In diagnosis only the logs of the issues encountered are collected and saved in a file, while in remediation, the utility attempts to fix the issues encountered during the diagnostic process.
This tool can also be used before the patch and upgrade process to determine if users can proceed with the deployment process.
Diagnosis and Remediation Process
To initiate the remediation process
-
Navigate to the appviewx_kubernetes/scripts folder and
execute the command below.
./appviewx.sh --remediationYou will be prompted to perform a diagnosis or diagnosis with remediation.
-
Enter D for diagnosis only and R for diagnosis with remediation.

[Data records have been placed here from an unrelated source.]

lemma fr_blade_coloring_proper:
  assumes pairs: "\<And>i. i \<in> {1..t} \<Longrightarrow> g i \<subseteq> {2..m+1} \<and> card (g i) = 2"
    and cover: "(\<Union>i\<in>{1..t}. g i) = {2..m+1}"
  shows "proper_coloring (fr_V t) (fr_E t) (m+1) (blade_coloring g)"
proof -
  let ?f = "blade_coloring g"
  have leaf_color: "?f p \<in> {2..m+1}" if "p \<in> {1..2*t}" for p
    using blade_coloring_leaf_mem[OF that] pairs[OF blade_mem[OF that]] by blast
  have center: "?f 0 = 1"
    by (simp add: blade_coloring_def)
  have "{2..m+1} \<subseteq> ?f ` {1..2*t}"
  proof
    fix c assume "c \<in> {2..m+1}"
    then obtain i where i: "i \<in> {1..t}" "c \<in> g i"
      using cover by blast
    note p = first_leaf_mem[OF i(1)]
    have "c \<in> {?f (2*i - 1), ?f (partner (2*i - 1))}"
      using i blade_coloring_leaf(1)[OF p] pairs blade_first_leaf[OF i(1)] by simp
    then show "c \<in> ?f ` {1..2*t}"
      using p partner_mem[OF p] by blast
  qed
  moreover have "?f ` {1..2*t} \<subseteq> {2..m+1}"
    using leaf_color by blast
  ultimately have "?f ` fr_V t = insert 1 {2..m+1}"
    unfolding fr_V_eq image_insert center by blast
  also have "insert 1 {2..m+1} = {1..m+1}"
    by auto
  finally have "?f ` fr_V t = {1..m+1}" .
  moreover have "?f u \<noteq> ?f v" if edge: "(u, v) \<in> fr_E t" for u v
  proof -
    consider "u = 0" "v \<in> {1..2*t}" | "v = 0" "u \<in> {1..2*t}" | "u \<in> {1..2*t}" "v = partner u"
      using edge unfolding fr_E_iff by blast
    then show ?thesis
    proof cases
      case 3
      then show ?thesis
        using blade_coloring_leaf(2) pairs[OF blade_mem] by blast
    qed (use leaf_color center in fastforce)+
  qed
  ultimately show ?thesis
    unfolding proper_coloring_def by blast
qed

Note: To check for infra readiness use only D.
-
Enter the password if required and continue (for passwordless applications
no passwords will be asked).
- After the process is completed the log files are stored in the location $installer_directory/appviewx_kubernetes/logs/auto_remediation_log_files
Auto Remediation Tool Validations
The following validations are added in auto-remediation tool:
-
Firewalld status check
The firewalld status is checked in all the nodes. By default it should be disabled, but if found in the running state in any node, then the script throws an error.
-
Containerd status check
The containerd status is checked in all the nodes. By default it should be running, but if found in the not running state, then the script throws an error.
-
Kubelet status check
The kubelet status is checked in all the nodes. By default it should be running, but if found in the not running state, then the script throws an error.
-
Kubectl command check
The Kubectl command checked to see if they are working as expected in all the nodes.
-
Hard disk space check
The hard disk usage is checked in all the nodes. If the hard disk usage is more than 70% in any node then the script throws an warning message to free some space.
-
Namespace check
This check is used to find if the avx and dc namespaces are present in the cluster.
-
Kube-system pod status check
The pods of the kube-system namespace are checked to see if the are in the running state.
-
Mongodb pod status check
The mongodb pods are checked to see if the are in the running state.
-
Istio-system pod status check
The pods of the Istio-system namespace are checked to see if the are in the running state.
-
Config-server pod status check
The config-server pods are checked to see if the are in the running state.
-
Consul server status check
The consul server pods are checked to see if the are up; if they are up it then checks if the consul server leader is present.
-
Active OpenBao status check
The active vault pods are checked to see if the are up; if they are up it then checks if the active vault is present.
-
Ephemeral OpenBao status check
The ephemeral vault pods are checked to see if the are up; if they are up it then checks if the active vault is present.
-
DC namespace’s pod status check
This checks the pod status of all DC namespaces to see if are up and running.
-
Calico status check
It checks to see if the calico is working as expected.
-
Istio proxy status check
It checks to see if the istio proxy is working as expected.
-
SElinux status check
This checks to see if the SElinux status is as expected. It should be either permissive or disabled
-
Proxy check
This checks for the proxy status. It should disabled by default.
-
Plugin helm chart check
This checks if helm charts are present for the plugins which are added in the ENABLED_PLUGINS parameter of appviewx.conf file.
-
Infra helm chart check
It checks if helm charts are present for the required infra components.
-
Mongo URL check
It checks if the Mongo URLs are properly updated in avx-common-config config map of the avx and DC namespaces. If they are not then should be updated with the proper values.
-
OpenBao URL check
It checks if the Vault URLs are properly updated in avx-common-config config map of the avx and DC namespaces.
-
Database password check
It checks if the database password is properly updated in avx-common-config config map of the avx and DC namespaces.
-
Super User password check
It checks if the super user password is properly updated in avx-common-config config map of the avx and DC namespaces.
-
Collect TCPDUMP logs
It collects the TCPDUMP logs for all the servers in the cluster.
-
Checking Registered VMs in gateway config
It checks if the VMs (Pod URL) are accurate in the Registered VMs parameter of the Gateway config map.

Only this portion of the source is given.